[Try it] Work out how many lines of the records hold the string "else", and reply with that number alone.

[Saved data entries]

========

(* Let $\bm{f}:\mathbb{R}^n\to\mathbb{R}^n$ be twice differentiable, let $\hat{\bm{y}}^n\in\mathbb{R}^n$, $s\ge1$ an integer, $\varepsilon\ge0$, and $\epsilon>0$ a constant. For $\Delta t>0$ consider the mixed-precision RKC step $$\hat{\bm{d}}_0=\bm{0},\quad \hat{\bm{d}}_1=\mu_1\Delta t\bm{f}(\hat{\bm{y}}^n),\quad \hat{\bm{d}}_j=\nu_j\hat{\bm{d}}_{j-1}+\kappa_j\hat{\bm{d}}_{j-2}+\mu_j\Delta t\big(\bm{f}(\hat{\bm{y}}^n)+\hat\Delta\bm{f}_{j-1}\big)+\gamma_j\Delta t\bm{f}(\hat{\bm{y}}^n),\ j=2,\dots,s,\quad \hat{\bm{y}}^{n+1}=\hat{\bm{y}}^n+\hat{\bm{d}}_s,$$ where $\hat\Delta\bm{f}_1,\dots,\hat\Delta\bm{f}_{s-1}\in\mathbb{R}^n$ are given vectors (which may depend on $\Delta t$ and on previous stages), and $\Delta\bm{f}_j:=\bm{f}(\hat{\bm{y}}^n+\hat{\bm{d}}_j)-\bm{f}(\hat{\bm{y}}^n)$. (a) If the coefficients are the order-$p$ RKC coefficients with $p=1$ or $p=2$ (with $s\ge2$ if $p=2$), and $\hat\Delta\bm{f}_j=\Delta\bm{f}_j+O(\epsilon\Delta t)$ as $\Delta t\to0$ for all $j$, then $$\hat{\bm{y}}^{n+1}=\hat{\bm{y}}^n+\Delta t\bm{f}(\hat{\bm{y}}^n)+O(\epsilon\Delta t^2+\Delta t^2)\quad\text{as }\Delta t\to0.$$ (b) If the coefficients are the RKC coefficients with $p=2$ ($s\ge2$) and $\hat\Delta\bm{f}_j=\Delta\bm{f}_j+O(\Delta t^2)$ as $\Delta t\to0$ for all $j$, then $$\hat{\bm{y}}^{n+1}=\hat{\bm{y}}^n+\Delta t\bm{f}(\hat{\bm{y}}^n)+\tfrac12\Delta t^2\bm{f}'(\hat{\bm{y}}^n)\bm{f}(\hat{\bm{y}}^n)+O(\Delta t^3)\quad\text{as }\Delta t\to0.$$
   Context: All $O(\cdot)$ are as $\Delta t\to0$ with $\bm{f}$, $\hat{\bm{y}}^n$, $s$, $\varepsilon$, $\epsilon$ fixed. Chebyshev polynomials $T_0=1$, $T_1=x$, $T_j=2xT_{j-1}-T_{j-2}$. Order-$p$ RKC coefficients with $s$ stages and damping $\varepsilon$: $\omega_0=1+\varepsilon/s^2$. If $p=1$: $\omega_1=T_s(\omega_0)/T_s'(\omega_0)$, $b_j=1/T_j(\omega_0)$, $j=0,\dots,s$. If $p=2$: $\omega_1=T_s'(\omega_0)/T_s''(\omega_0)$, $b_j=T_j''(\omega_0)/T_j'(\omega_0)^2$ for $j=2,\dots,s$, $b_0=b_1=b_2$. Then $a_j=1-b_jT_j(\omega_0)$; $\mu_1=b_1\omega_1$; for $j=2,\dots,s$: $\mu_j=2\omega_1b_j/b_{j-1}$, $\nu_j=2\omega_0b_j/b_{j-1}$, $\kappa_j=-b_j/b_{j-2}$, $\gamma_j=-\mu_ja_{j-1}$. *)

theory Defs
  imports "HOL-Analysis.Analysis" "HOL-Library.Landau_Symbols"
begin

fun cheb :: "nat \<Rightarrow> real \<Rightarrow> real" where
  "cheb 0 x = 1"
| "cheb (Suc 0) x = x"
| "cheb (Suc (Suc j)) x = 2 * x * cheb (Suc j) x - cheb j x"

definition cheb1 :: "nat \<Rightarrow> real \<Rightarrow> real" where
  "cheb1 j x = deriv (cheb j) x"

definition cheb2 :: "nat \<Rightarrow> real \<Rightarrow> real" where
  "cheb2 j x = deriv (deriv (cheb j)) x"

text \<open>RKC coefficients of order p with s stages and damping parameter dmp (the paper's varepsilon).\<close>
definition rkc_w0 :: "nat \<Rightarrow> real \<Rightarrow> real" where
  "rkc_w0 s dmp = 1 + dmp / (real s)^2"

definition rkc_w1 :: "nat \<Rightarrow> nat \<Rightarrow> real \<Rightarrow> real" where
  "rkc_w1 p s dmp =
     (if p = 1 then cheb s (rkc_w0 s dmp) / cheb1 s (rkc_w0 s dmp)
      else cheb1 s (rkc_w0 s dmp) / cheb2 s (rkc_w0 s dmp))"

definition rkc_b :: "nat \<Rightarrow> nat \<Rightarrow> real \<Rightarrow> nat \<Rightarrow> real" where
  "rkc_b p s dmp j =
     (if p = 1 then 1 / cheb j (rkc_w0 s dmp)
      else (let k = max j 2 in cheb2 k (rkc_w0 s dmp) / (cheb1 k (rkc_w0 s dmp))^2))"

definition rkc_a :: "nat \<Rightarrow> nat \<Rightarrow> real \<Rightarrow> nat \<Rightarrow> real" where
  "rkc_a p s dmp j = 1 - rkc_b p s dmp j * cheb j (rkc_w0 s dmp)"

definition rkc_mu :: "nat \<Rightarrow> nat \<Rightarrow> real \<Rightarrow> nat \<Rightarrow> real" where
  "rkc_mu p s dmp j =
     (if j = 1 then rkc_b p s dmp 1 * rkc_w1 p s dmp
      else 2 * rkc_w1 p s dmp * rkc_b p s dmp j / rkc_b p s dmp (j - 1))"

definition rkc_nu :: "nat \<Rightarrow> nat \<Rightarrow> real \<Rightarrow> nat \<Rightarrow> real" where
  "rkc_nu p s dmp j = 2 * rkc_w0 s dmp * rkc_b p s dmp j / rkc_b p s dmp (j - 1)"

definition rkc_kappa :: "nat \<Rightarrow> nat \<Rightarrow> real \<Rightarrow> nat \<Rightarrow> real" where
  "rkc_kappa p s dmp j = - rkc_b p s dmp j / rkc_b p s dmp (j - 2)"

========

[Solved problem] 3